Reste que tous les points noirs en matière de logement n'ont pas ­disparu. «Les mises en chantier (346.000) restent en dessous des besoins annuels en logements, compris entre 380.000 et 400.000 unités selon l'Insee», estime Marc Pigeon, président de la Fédération des promoteurs constructeurs (FPC). D'ailleurs, pour être meilleurs, les chiffres de l'année dernière restent en deçà des grands millésimes de la construction. Les 453.000 permis de construire accordés en 2010 font pâle figure comparés aux 567.000 de 2007 et aux 592 000 de 2006.

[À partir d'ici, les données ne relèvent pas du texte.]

lemma card_adjacent_pairs_append:
  assumes "xs \<noteq> []" "ys \<noteq> []"
  shows "card {i. Suc i < length (xs @ ys) \<and> R ((xs @ ys) ! i) ((xs @ ys) ! Suc i)}
    = card {i. Suc i < length xs \<and> R (xs ! i) (xs ! Suc i)}
      + (if R (last xs) (hd ys) then 1 else 0)
      + card {i. Suc i < length ys \<and> R (ys ! i) (ys ! Suc i)}"
proof -
  obtain k l where k: "length xs = Suc k" and l: "length ys = Suc l"
    using assms by (metis length_0_conv not0_implies_Suc)
  define Q where "Q i \<longleftrightarrow> R ((xs @ ys) ! i) ((xs @ ys) ! Suc i)" for i
  have "{i. Suc i < length (xs @ ys) \<and> Q i} = {i. i < k + (1 + l) \<and> Q i}"
    using k l by auto
  then have "card {i. Suc i < length (xs @ ys) \<and> Q i}
      = card {i. i < k \<and> Q i} + (card {i. i < 1 \<and> Q (k + i)} + card {i. i < l \<and> Q (k + (1 + i))})"
    by (simp only: card_less_add_split)
  moreover have "{i. i < k \<and> Q i} = {i. Suc i < length xs \<and> R (xs ! i) (xs ! Suc i)}"
    using k by (auto simp: Q_def nth_append)
  moreover have "{i. i < 1 \<and> Q (k + i)} = (if R (last xs) (hd ys) then {0} else {})"
    using k assms by (auto simp: Q_def nth_append last_conv_nth hd_conv_nth)
  moreover have "{i. i < l \<and> Q (k + (1 + i))} = {i. Suc i < length ys \<and> R (ys ! i) (ys ! Suc i)}"
    using k l by (auto simp: Q_def nth_append)
  ultimately show ?thesis by (simp add: Q_def)
qed

lemma asc_append:
  assumes "\<forall>x\<in>set xs. \<forall>y\<in>set ys. x < y" "xs \<noteq> []" "ys \<noteq> []"
  shows "asc (xs @ ys) = asc xs + asc ys + 1"
  using card_adjacent_pairs_append[OF assms(2,3), of "(<)"] assms
  unfolding asc_def by simp

lemma des_append:
  assumes "\<forall>x\<in>set xs. \<forall>y\<in>set ys. x < y" "xs \<noteq> []" "ys \<noteq> []"
  shows "des (xs @ ys) = des xs + des ys"
  using card_adjacent_pairs_append[OF assms(2,3), of "(>)"] assms
  unfolding des_def by (simp add: not_less_iff_gr_or_eq)

section \<open>Decreasing layers\<close>

definition layer :: "nat \<Rightarrow> nat \<Rightarrow> nat list" where
  "layer m a = rev [Suc m..<Suc (m + a)]"

lemma length_layer [simp]: "length (layer m a) = a"
  by (simp add: layer_def)

lemma nth_layer [simp]: "k < a \<Longrightarrow> layer m a ! k = m + a - k"
  by (simp add: layer_def rev_nth del: upt_Suc)

lemma set_layer: "set (layer m a) = {Suc m..m + a}"
  by (auto simp: layer_def simp del: upt_Suc)

lemma distinct_layer: "distinct (layer m a)"
  by (simp add: layer_def del: upt_Suc)

lemma layer_eq_Nil_iff [simp]: "layer m a = [] \<longleftrightarrow> a = 0"
  by (simp add: layer_def del: upt_Suc)

lemma sorted_wrt_layer: "sorted_wrt (>) (layer m a)"
  by (simp add: layer_def sorted_wrt_rev del: upt_Suc)

lemma layer_unique:
  assumes "sorted_wrt (>) ys" "set ys = {Suc m..m + a}"
  shows "ys = layer m a"
proof -
  have "rev ys = [Suc m..<Suc (m + a)]"
    by (rule strict_sorted_equal)
      (use assms in \<open>simp_all add: sorted_wrt_rev atLeastLessThanSuc_atLeastAtMost del: upt_Suc\<close>)
  then show ?thesis unfolding layer_def by (metis rev_rev_ident)
qed
lemma of_nat_add_2_neq_0: "of_nat n + 2 \<noteq> (0::'a::semiring_char_0)"
proof -
  have "of_nat n + (2::'a) = of_nat (n + 2)" by (simp only: of_nat_add of_nat_numeral)
  then show ?thesis by (simp only: of_nat_eq_0_iff)
qed

lemma of_real_sin_cis: "complex_of_real (sin x) = (cis x - 1 / cis x) / (2 * \<i>)"
  by (simp add: complex_eq_iff flip: inverse_eq_divide)

lemma of_real_cos_cis: "complex_of_real (cos x) = (cis x + 1 / cis x) / 2"
  by (simp add: complex_eq_iff flip: inverse_eq_divide)

lemma of_real_cos_diff_cis:
  "complex_of_real (cos t - cos s) = (1 - cis s * cis t) * (cis s - cis t) / (2 * cis s * cis t)"
  unfolding of_real_diff of_real_cos_cis by (simp add: field_simps)

lemma of_real_one_minus_cos_cis: "complex_of_real (1 - cos t) = - ((1 - cis t)^2) / (2 * cis t)"
  unfolding of_real_diff of_real_cos_cis by (simp add: field_simps power2_eq_square)

lemma of_real_sin_mult_sin_half_cis:
  "complex_of_real (sin t * sin (real n * t / 2)) * cis (real n / 2 * t)
    = - (cis t - 1 / cis t) * (cis t ^ n - 1) / 4"
proof -
  have "cis (real n / 2 * t) * cis (real n / 2 * t) = cis t ^ n"
    by (simp add: cis_mult Complex.DeMoivre mult.commute)
  then show ?thesis
    unfolding of_real_mult of_real_sin_cis by (simp add: field_simps power2_eq_square)
qed

lemma of_real_sin_mult_div_sin_cis:
  "complex_of_real (sin (real k * x) / sin x) = (cis x ^ k - 1 / cis x ^ k) / (cis x - 1 / cis x)"
  unfolding of_real_divide of_real_sin_cis Complex.DeMoivre by simp

lemma of_real_cot_div_sin_double_cis:
  assumes "sin x \<noteq> 0" "sin (2 * x) \<noteq> 0"
  shows "complex_of_real (cot x / sin (2 * x)) = - 2 * cis (2 * x) / (cis (2 * x) - 1)^2"
proof -
  define w where "w = cis x"
  have q: "cis (2 * x) = w^2" by (simp add: w_def power2_eq_square cis_mult)
  have "w \<noteq> 0" by (simp add: w_def)
  have s: "of_real (sin x) = (w^2 - 1) / (2 * \<i> * w)" and c: "of_real (cos x) = (w^2 + 1) / (2 * w)"
    and s2: "of_real (sin (2 * x)) = (w^2 - 1) * (w^2 + 1) / (2 * \<i> * w^2)"
    unfolding of_real_sin_cis of_real_cos_cis q w_def[symmetric] using \<open>w \<noteq> 0\<close>
    by (simp_all add: field_simps power2_eq_square)
  have "w^2 - 1 \<noteq> 0" "w^2 + 1 \<noteq> 0" using assms s s2 by auto
  then show ?thesis
    unfolding cot_def of_real_divide s c s2 q using \<open>w \<noteq> 0\<close>
    by (simp add: divide_simps) algebra
qed
lemma weil_rep_weyl:
  assumes "weil_rep v \<sigma> \<tau> \<chi> I \<pi>"
  obtains \<gamma> where "\<gamma> \<noteq> 0"
    and "\<And>\<Phi>. \<Phi> \<in> S_chi v \<sigma> \<chi> \<Longrightarrow> \<pi> (0, 1, -1, 0) \<Phi> = (\<lambda>x. \<gamma> * FT I \<sigma> \<tau> \<Phi> (\<sigma> x))"
  using assms unfolding weil_rep_def Let_def by (elim conjE exE) (metis norm_zero zero_neq_one)

lemma one_mem_NLx: "quad_conj \<sigma> \<Longrightarrow> (1::'a::field) \<in> NLx \<sigma>"
  using quad_conj_one[of \<sigma>] image_eqI[of 1 "Nm \<sigma>" "1::'a"] by (simp add: NLx_def Nm_def)

lemma Fset_constants:
  assumes qc: "quad_conj \<sigma>"
  shows "0 \<in> Fset \<sigma>" "1 \<in> Fset \<sigma>" "(-1::'a::field) \<in> Fset \<sigma>"
  using quad_conj_zero[OF qc] quad_conj_one[OF qc] quad_conj_uminus[OF qc, of 1]
  by (simp_all add: Fset_def)

lemma upper_unipotent_mem_Gplus: "quad_conj \<sigma> \<Longrightarrow> u \<in> Fset \<sigma> \<Longrightarrow> (1, u, 0, 1) \<in> Gplus \<sigma>"
  using Fset_constants[of \<sigma>] one_mem_NLx[of \<sigma>] by (simp add: Gplus_def)

lemma lower_unipotent_mem_Gplus: "quad_conj \<sigma> \<Longrightarrow> u \<in> Fset \<sigma> \<Longrightarrow> (1, 0, u, 1) \<in> Gplus \<sigma>"
  using Fset_constants[of \<sigma>] one_mem_NLx[of \<sigma>] by (simp add: Gplus_def)

lemma weyl_mem_Gplus: "quad_conj \<sigma> \<Longrightarrow> (0, 1, -1, 0::'a::field) \<in> Gplus \<sigma>"
  using Fset_constants[of \<sigma>] one_mem_NLx[of \<sigma>] by (simp add: Gplus_def)

lemma upper_unipotent_mem_Kn:
  "quad_conj \<sigma> \<Longrightarrow> u \<in> Fset \<sigma> \<Longrightarrow> u \<in> pL v (int n) \<Longrightarrow> (1, u, 0, 1) \<in> Kn v \<sigma> n"
  using Fset_constants[of \<sigma>] by (simp add: Kn_def)

lemma lower_unipotent_mem_Kn:
  "quad_conj \<sigma> \<Longrightarrow> u \<in> Fset \<sigma> \<Longrightarrow> u \<in> pL v (int n) \<Longrightarrow> (1, 0, u, 1) \<in> Kn v \<sigma> n"
  using Fset_constants[of \<sigma>] by (simp add: Kn_def)

lemma weil_rep_support_of_upper_invariant:
  assumes dv: "is_dval v" and qc: "quad_conj \<sigma>" and v\<sigma>: "\<And>x. v (\<sigma> x) = v x"
    and ac: "add_char_conductor v \<sigma> \<tau> c" and wr: "weil_rep v \<sigma> \<tau> \<chi> I \<pi>"
    and \<Psi>: "\<Psi> \<in> S_chi v \<sigma> \<chi>"
    and inv: "\<forall>u\<in>Fset \<sigma> \<inter> pL v m. \<pi> (1, u, 0, 1) \<Psi> = \<Psi>"
  shows "\<forall>x. \<Psi> x \<noteq> 0 \<longrightarrow> x \<in> pL v \<lceil>real_of_int (c - m) / 2\<rceil>"
proof (intro allI impI)
  fix x assume x: "\<Psi> x \<noteq> 0"
  have "\<tau> (u * Nm \<sigma> x) = 1" if "u \<in> Fset \<sigma> \<inter> pL v m" for u
  proof -
    have "(\<lambda>x. \<tau> (u * Nm \<sigma> x) * \<Psi> x) = \<Psi>"
      using weil_rep_upper_unipotent[OF wr _ \<Psi>] inv that by auto
    then have "\<tau> (u * Nm \<sigma> x) * \<Psi> x = \<Psi> x" by (rule fun_cong)
    then show ?thesis using x by simp
  qed
  then show "x \<in> pL v \<lceil>real_of_int (c - m) / 2\<rceil>" using mem_pL_if_tau_Nm_trivial[OF dv qc v\<sigma> ac] by blast
qed

lemma Kn_invariant_unipotent:
  assumes qc: "quad_conj \<sigma>" and fixed: "\<forall>k\<in>Kn v \<sigma> n. \<pi> k \<Phi> = \<Phi>"
  shows "\<forall>u\<in>Fset \<sigma> \<inter> pL v (int n). \<pi> (1, u, 0, 1) \<Phi> = \<Phi>"
    and "\<forall>u\<in>Fset \<sigma> \<inter> pL v (int n). \<pi> (1, 0, u, 1) \<Phi> = \<Phi>"
  using fixed upper_unipotent_mem_Kn[OF qc] lower_unipotent_mem_Kn[OF qc] by blast+

lemma weil_rep_weyl_upper_invariant:
  assumes dv: "is_dval v" and qc: "quad_conj \<sigma>" and wr: "weil_rep v \<sigma> \<tau> \<chi> I \<pi>"
    and \<Phi>: "\<Phi> \<in> S_chi v \<sigma> \<chi>"
    and lower: "\<forall>u\<in>Fset \<sigma> \<inter> pL v m. \<pi> (1, 0, u, 1) \<Phi> = \<Phi>"
  shows "\<forall>u\<in>Fset \<sigma> \<inter> pL v m. \<pi> (1, u, 0, 1) (\<pi> (0, 1, -1, 0) \<Phi>) = \<pi> (0, 1, -1, 0) \<Phi>"
proof
  fix u assume "u \<in> Fset \<sigma> \<inter> pL v m"
  then have u: "u \<in> Fset \<sigma>" "u \<in> pL v m" by simp_all
  have "-u \<in> Fset \<sigma>" using u quad_conj_uminus[OF qc] by (simp add: Fset_def)
  have "m2mul (1, u, 0, 1) (0, 1, -1, 0) = m2mul (0, 1, -1, 0) (1, 0, -u, 1)" by simp
  then have "\<pi> (1, u, 0, 1) (\<pi> (0, 1, -1, 0) \<Phi>) = \<pi> (0, 1, -1, 0) (\<pi> (1, 0, -u, 1) \<Phi>)"
    using weil_rep_mult[OF wr upper_unipotent_mem_Gplus[OF qc u(1)] weyl_mem_Gplus[OF qc] \<Phi>]
      weil_rep_mult[OF wr weyl_mem_Gplus[OF qc] lower_unipotent_mem_Gplus[OF qc \<open>-u \<in> Fset \<sigma>\<close>] \<Phi>]
    by simp
  also have "\<pi> (1, 0, -u, 1) \<Phi> = \<Phi>" using lower \<open>-u \<in> Fset \<sigma>\<close> pL_uminus[OF dv u(2)] by blast
  finally show "\<pi> (1, u, 0, 1) (\<pi> (0, 1, -1, 0) \<Phi>) = \<pi> (0, 1, -1, 0) \<Phi>" .
qed

lemma FT_support_of_weyl_support:
  assumes qc: "quad_conj \<sigma>" and v\<sigma>: "\<And>x. v (\<sigma> x) = v x"
    and wr: "weil_rep v \<sigma> \<tau> \<chi> I \<pi>" and \<Phi>: "\<Phi> \<in> S_chi v \<sigma> \<chi>"
    and supp: "\<forall>x. \<pi> (0, 1, -1, 0) \<Phi> x \<noteq> 0 \<longrightarrow> x \<in> pL v a"
  shows "\<forall>z. FT I \<sigma> \<tau> \<Phi> z \<noteq> 0 \<longrightarrow> z \<in> pL v a"
proof (intro allI impI)
  fix z assume z: "FT I \<sigma> \<tau> \<Phi> z \<noteq> 0"
  obtain \<gamma> where "\<gamma> \<noteq> 0" and "\<pi> (0, 1, -1, 0) \<Phi> = (\<lambda>x. \<gamma> * FT I \<sigma> \<tau> \<Phi> (\<sigma> x))"
    using weil_rep_weyl[OF wr] \<Phi> by metis
  then have "\<pi> (0, 1, -1, 0) \<Phi> (\<sigma> z) \<noteq> 0" using z quad_conj_involution[OF qc] by simp
  then have "\<sigma> z \<in> pL v a" using supp by blast
  then show "z \<in> pL v a" using v\<sigma>[of z] quad_conj_nonzero[OF qc, of z] by (auto simp: mem_pL_iff)
qed
theorem proposition4p3:
  fixes n :: nat and p s :: "nat \<Rightarrow> ennreal" and \<alpha> :: ennreal
  assumes "n \<ge> 1"
    and "\<forall>i<n. 1 \<le> p i" and "\<forall>i<n. 1 \<le> s i"
    and "(\<Sum>i<n. inverse (s i)) / of_nat n \<le> inverse \<alpha>"
    and "inverse \<alpha> \<le> (\<Sum>i<n. inverse (p i)) / of_nat n"
  defines "A \<equiv> amalgam n (conj_exp \<circ> p) (conj_exp \<circ> s)"
    and "H \<equiv> Hspace n (conj_exp \<circ> p) (conj_exp \<circ> s) (conj_exp \<alpha>)"
  shows "A \<subseteq> H
    \<and> (\<lambda>_. 0) \<in> A \<and> (\<forall>f\<in>A. \<forall>g\<in>A. (\<lambda>x. f x + g x) \<in> A)
    \<and> (\<forall>f\<in>A. \<forall>c::complex. (\<lambda>x. c * f x) \<in> A)
    \<and> (\<forall>f\<in>H. \<forall>\<epsilon>>0. \<exists>g\<in>A. (\<lambda>x. f x - g x) \<in> H
          \<and> Hnorm n (conj_exp \<circ> p) (conj_exp \<circ> s) (conj_exp \<alpha>) (\<lambda>x. f x - g x) < \<epsilon>)"
proof -
  have p': "\<forall>i<n. 1 \<le> (conj_exp \<circ> p) i" and s': "\<forall>i<n. 1 \<le> (conj_exp \<circ> s) i"
    by (simp_all add: conj_exp_ge_1)
  show ?thesis
    unfolding A_def H_def
    using amalgam_subset_Hspace[OF p' s'] zero_in_amalgam amalgam_add[OF p' s'] amalgam_cmult[OF p' s']
      Hspace_approx_by_amalgam[OF p' s']
    by blast
qed

end
lemma lin_ext_label_1:
  assumes fin: "finite W" and ne: "W \<noteq> {}" and f: "f \<in> lin_ext W R"
  obtains m where "m \<in> minimal_elems W R" "f m = 1"
proof -
  have "1 \<in> {1..card W}" using fin ne by (simp add: Suc_leI card_gt_0_iff)
  then obtain m where m: "m \<in> W" "f m = 1" using lin_ext_image[OF f] by (metis imageE)
  have "(u, m) \<notin> R" if "u \<in> W" for u
  proof
    assume "(u, m) \<in> R"
    then have "f u < f m" using lin_ext_mono[OF f that m(1)] by blast
    then have "f u < 1" using m(2) by simp
    moreover have "f u \<ge> 1" using lin_ext_range[OF f that] by simp
    ultimately show False by simp
  qed
  then have "m \<in> minimal_elems W R" using m(1) by (simp add: minimal_elems_def)
  then show thesis using m(2) by (rule that)
qed

text \<open>The standard recursion e(W) = sum over minimal m of e(W - {m}) for the number e of
  linear extensions: classify linear extensions by their first element.\<close>
lemma card_lin_ext_rec:
  assumes fin: "finite W" and ne: "W \<noteq> {}"
  shows "card (lin_ext W R) = (\<Sum>m\<in>minimal_elems W R. card (lin_ext (W - {m}) R))"
proof -
  let ?M = "minimal_elems W R" and ?S = "\<lambda>m. {f \<in> lin_ext W R. f m = 1}"
  have split: "lin_ext W R = (\<Union>m\<in>?M. ?S m)"
    using lin_ext_label_1[OF fin ne] by blast
  have disjoint: "?S i \<inter> ?S j = {}" if "i \<in> ?M" "j \<in> ?M" "i \<noteq> j" for i j
  proof (rule equals0I)
    fix f assume f: "f \<in> ?S i \<inter> ?S j"
    have "i \<in> W" "j \<in> W" using that by (auto simp: minimal_elems_def)
    moreover have "inj_on f W" using f lin_ext_inj by blast
    ultimately have "f i \<noteq> f j" using \<open>i \<noteq> j\<close> by (simp add: inj_on_contraD)
    then show False using f by simp
  qed
  have "card (\<Union>m\<in>?M. ?S m) = (\<Sum>m\<in>?M. card (?S m))"
  proof (rule card_UN_disjoint)
    show "finite ?M" using fin by (simp add: minimal_elems_def)
    show "\<forall>m\<in>?M. finite (?S m)" using finite_lin_ext[OF fin, of R] by simp
    show "\<forall>i\<in>?M. \<forall>j\<in>?M. i \<noteq> j \<longrightarrow> ?S i \<inter> ?S j = {}" using disjoint by blast
  qed
  also have "\<dots> = (\<Sum>m\<in>?M. card (lin_ext (W - {m}) R))"
    using lin_ext_first_bij[OF fin] by (intro sum.cong refl bij_betw_same_card)
  finally show ?thesis unfolding split[symmetric] .
qed

definition antichain :: "('a \<times> 'a) set \<Rightarrow> 'a set \<Rightarrow> bool" where
  "antichain R A \<longleftrightarrow> (\<forall>a\<in>A. \<forall>b\<in>A. (a, b) \<notin> R)"

definition new_minimal :: "'a set \<Rightarrow> ('a \<times> 'a) set \<Rightarrow> 'a \<Rightarrow> 'a set" where
  "new_minimal W R x = minimal_elems (W - {x}) R - minimal_elems W R"

lemma minimal_elems_Diff:
  "minimal_elems (W - {x}) R = (minimal_elems W R - {x}) \<union> new_minimal W R x"
  by (auto simp: minimal_elems_def new_minimal_def)

lemma new_minimal_subset: "new_minimal W R x \<subseteq> W - {x}"
  by (auto simp: minimal_elems_def new_minimal_def)

lemma new_minimal_above: "n \<in> new_minimal W R x \<Longrightarrow> (x, n) \<in> R"
  by (auto simp: minimal_elems_def new_minimal_def)

lemma new_minimal_empty:
  assumes "irrefl R" "trans R" "x \<in> W" "x \<notin> minimal_elems W R"
  shows "new_minimal W R x = {}"
proof (rule ccontr)
  assume "new_minimal W R x \<noteq> {}"
  then obtain n where n: "n \<in> new_minimal W R x" by blast
  then have "(x, n) \<in> R" using new_minimal_above[of n W R x] by blast
  obtain z where z: "z \<in> W" "(z, x) \<in> R" using assms(3,4) by (auto simp: minimal_elems_def)
  then have "(z, n) \<in> R" using \<open>(x, n) \<in> R\<close> assms(2) by (meson transD)
  moreover have "z \<noteq> x" using z(2) assms(1) by (auto simp: irrefl_def)
  ultimately show False using n z by (auto simp: new_minimal_def minimal_elems_def)
qed

text \<open>The antichain used for the induction step on W - {m}: if m belongs to A it is
  replaced by the elements that become minimal after removing m.\<close>
definition shifted_antichain :: "'a set \<Rightarrow> ('a \<times> 'a) set \<Rightarrow> 'a set \<Rightarrow> 'a \<Rightarrow> 'a set" where
  "shifted_antichain W R A m = (if m \<in> A then (A - {m}) \<union> new_minimal W R m else A)"

text \<open>The shifted antichain is again an antichain, now inside W - {m}: a new minimal element
  lies above m, so it is incomparable to the rest of A by transitivity.\<close>
lemma shifted_antichain:
  assumes tr: "trans R" and A: "antichain R A" "A \<subseteq> W"
  shows "antichain R (shifted_antichain W R A m)" "shifted_antichain W R A m \<subseteq> W - {m}"
proof -
  show "antichain R (shifted_antichain W R A m)"
  proof (cases "m \<in> A")
    case True
    have "(a, b) \<notin> R"
      if a: "a \<in> (A - {m}) \<union> new_minimal W R m" and b: "b \<in> (A - {m}) \<union> new_minimal W R m" for a b
    proof
      assume ab: "(a, b) \<in> R"
      consider "a \<in> A" "b \<in> A" | "b \<in> new_minimal W R m" | "a \<in> new_minimal W R m" "b \<in> A - {m}"
        using a b by blast
      then show False
      proof cases
        case 1 then show ?thesis using A(1) ab unfolding antichain_def by blast
      next
        case 2
        have "a \<in> W - {m}" using a A(2) new_minimal_subset[of W R m] by blast
        then show False using 2 ab unfolding new_minimal_def minimal_elems_def by blast
      next
        case 3
        then have "(m, a) \<in> R" using new_minimal_above[of a W R m] by blast
        then have "(m, b) \<in> R" using ab tr by (meson transD)
        then show False using A(1) True 3 unfolding antichain_def by blast
      qed
    qed
    then show ?thesis using True unfolding shifted_antichain_def antichain_def by simp
  next
    case False
    then show ?thesis using A(1) by (simp add: shifted_antichain_def)
  qed
  show "shifted_antichain W R A m \<subseteq> W - {m}"
    using A(2) new_minimal_subset[of W R m] by (auto simp: shifted_antichain_def)
qed

lemma card_lin_ext_Diff:
  assumes fin: "finite W" and ne: "W - {x} \<noteq> {}"
  shows "card (lin_ext (W - {x}) R) =
    (\<Sum>m\<in>minimal_elems W R - {x}. card (lin_ext (W - {m} - {x}) R)) +
    (\<Sum>n\<in>new_minimal W R x. card (lin_ext (W - {x} - {n}) R))"
proof -
  have swap: "W - {x} - {m} = W - {m} - {x}" for m by blast
  have fin_min: "finite (minimal_elems W R)" using fin by (simp add: minimal_elems_def)
  have fin_new: "finite (new_minimal W R x)"
    using fin new_minimal_subset[of W R x] by (meson finite_Diff finite_subset)
  have "card (lin_ext (W - {x}) R) = (\<Sum>m\<in>minimal_elems (W - {x}) R. card (lin_ext (W - {x} - {m}) R))"
    using fin ne by (simp add: card_lin_ext_rec)
  also have "\<dots> = (\<Sum>m\<in>minimal_elems W R - {x}. card (lin_ext (W - {x} - {m}) R)) +
    (\<Sum>n\<in>new_minimal W R x. card (lin_ext (W - {x} - {n}) R))"
    unfolding minimal_elems_Diff using fin_min fin_new
    by (intro sum.union_disjoint) (auto simp: new_minimal_def)
  finally show ?thesis by (simp only: swap)
qed

text \<open>Only minimal elements expose new minimal elements, so a sum over the pairs
  (x, n) with x in A and n newly minimal in W - {x} can be reindexed over minimal m.\<close>
lemma sum_new_minimal_regroup:
  fixes h :: "'a \<Rightarrow> 'a \<Rightarrow> 'b::comm_monoid_add"
  assumes fin: "finite W" and irr: "irrefl R" and tr: "trans R" and A: "A \<subseteq> W"
  shows "(\<Sum>x\<in>A. \<Sum>n\<in>new_minimal W R x. h x n) =
    (\<Sum>m\<in>minimal_elems W R. if m \<in> A then \<Sum>n\<in>new_minimal W R m. h m n else 0)"
proof -
  let ?M = "minimal_elems W R" and ?N = "new_minimal W R"
  have finA: "finite A" using fin A by (rule finite_subset[rotated])
  have finM: "finite ?M" using fin by (simp add: minimal_elems_def)
  have "(\<Sum>x\<in>A. \<Sum>n\<in>?N x. h x n) = (\<Sum>m\<in>A \<inter> ?M. \<Sum>n\<in>?N m. h m n)"
  proof (rule sum.mono_neutral_right[OF finA])
    show "\<forall>x\<in>A - A \<inter> ?M. (\<Sum>n\<in>?N x. h x n) = 0"
    proof
      fix x assume "x \<in> A - A \<inter> ?M"
      then have "?N x = {}" using A new_minimal_empty[OF irr tr, of x W] by blast
      then show "(\<Sum>n\<in>?N x. h x n) = 0" by simp
    qed
  qed auto
  also have "\<dots> = (\<Sum>m\<in>?M. if m \<in> A then \<Sum>n\<in>?N m. h m n else 0)"
    using sum.inter_restrict[OF finM, of _ A] by (simp add: Int_commute)
  finally show ?thesis .
qed

lemma sum_shifted_antichain:
  fixes h :: "'a \<Rightarrow> 'b::comm_monoid_add"
  assumes fin: "finite W" and A: "antichain R A" "A \<subseteq> W"
  shows "(\<Sum>x\<in>shifted_antichain W R A m. h x) =
    (\<Sum>x\<in>A - {m}. h x) + (if m \<in> A then \<Sum>n\<in>new_minimal W R m. h n else 0)"
proof (cases "m \<in> A")
  case True
  have finA: "finite A" using fin A(2) by (rule finite_subset[rotated])
  have finN: "finite (new_minimal W R m)"
    using fin new_minimal_subset[of W R m] by (meson finite_Diff finite_subset)
  have "(A - {m}) \<inter> new_minimal W R m = {}"
  proof (rule equals0I)
    fix n assume "n \<in> (A - {m}) \<inter> new_minimal W R m"
    then have "n \<in> A" "(m, n) \<in> R" using new_minimal_above[of n W R m] by auto
    then show False using A(1) True unfolding antichain_def by blast
  qed
  then show ?thesis using True finA finN by (simp add: shifted_antichain_def sum.union_disjoint)
qed (simp add: shifted_antichain_def)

En tout cas, cette abondance de permis de construire devrait mécaniquement déboucher sur un grand nombre de mises en chantier en 2011. «Je table sur 400.000», déclare Michel Mouillart. Mais tout n'est pas joué, car pas mal de paramètres ont changé. D'abord, le dispositif d'aide d'accès à la propriété a été remanié avec la mise en place du PTZ + (prêt à taux zéro plus) à la place du PTZ, du Pass foncier et de la déduction des intérêts d'emprunt immobilier.

Hausse des prix redoutée

Les ventes et les permis de construire dépendront en grande partie de l'efficacité de cette nouvelle formule. «Il faudra peut-être le premier trimestre pour que les banques ­sachent parfaitement utiliser le PTZ+, car c'est un produit compliqué. Mais dès le second trimestre, cette formule rencontrera un très grand succès», estime Michel Mouillart. La remontée éventuelle des taux d'intérêt pourrait toutefois doucher ce bel enthousiasme.

Autre point d'interrogation: les ventes aux investisseurs, qui ont représenté deux tiers des transactions en 2010. Elles risquent de ­chuter avec le rabotage du dispositif Scellier, qui les rend moins attractives. Enfin, selon les experts, les ­mises en chantier de logements ­sociaux, qui ont atteint les 105.000 nités l'année dernière, ne pourront pas monter plus haut.

Côté promoteurs, on s'interroge aussi sur la possibilité de trouver assez de terrains pour construire. «Aujourd'hui, nous avons une offre de cinq mois à cinq mois et demi, ce qui est faible, avance Marc Pigeon. Il faut donc réussir à nous approvisionner en foncier abordable, sinon les prix des logements neufs augmenteront.» Une inflation dont on connaît déjà tous les effets néfastes dans les logements anciens.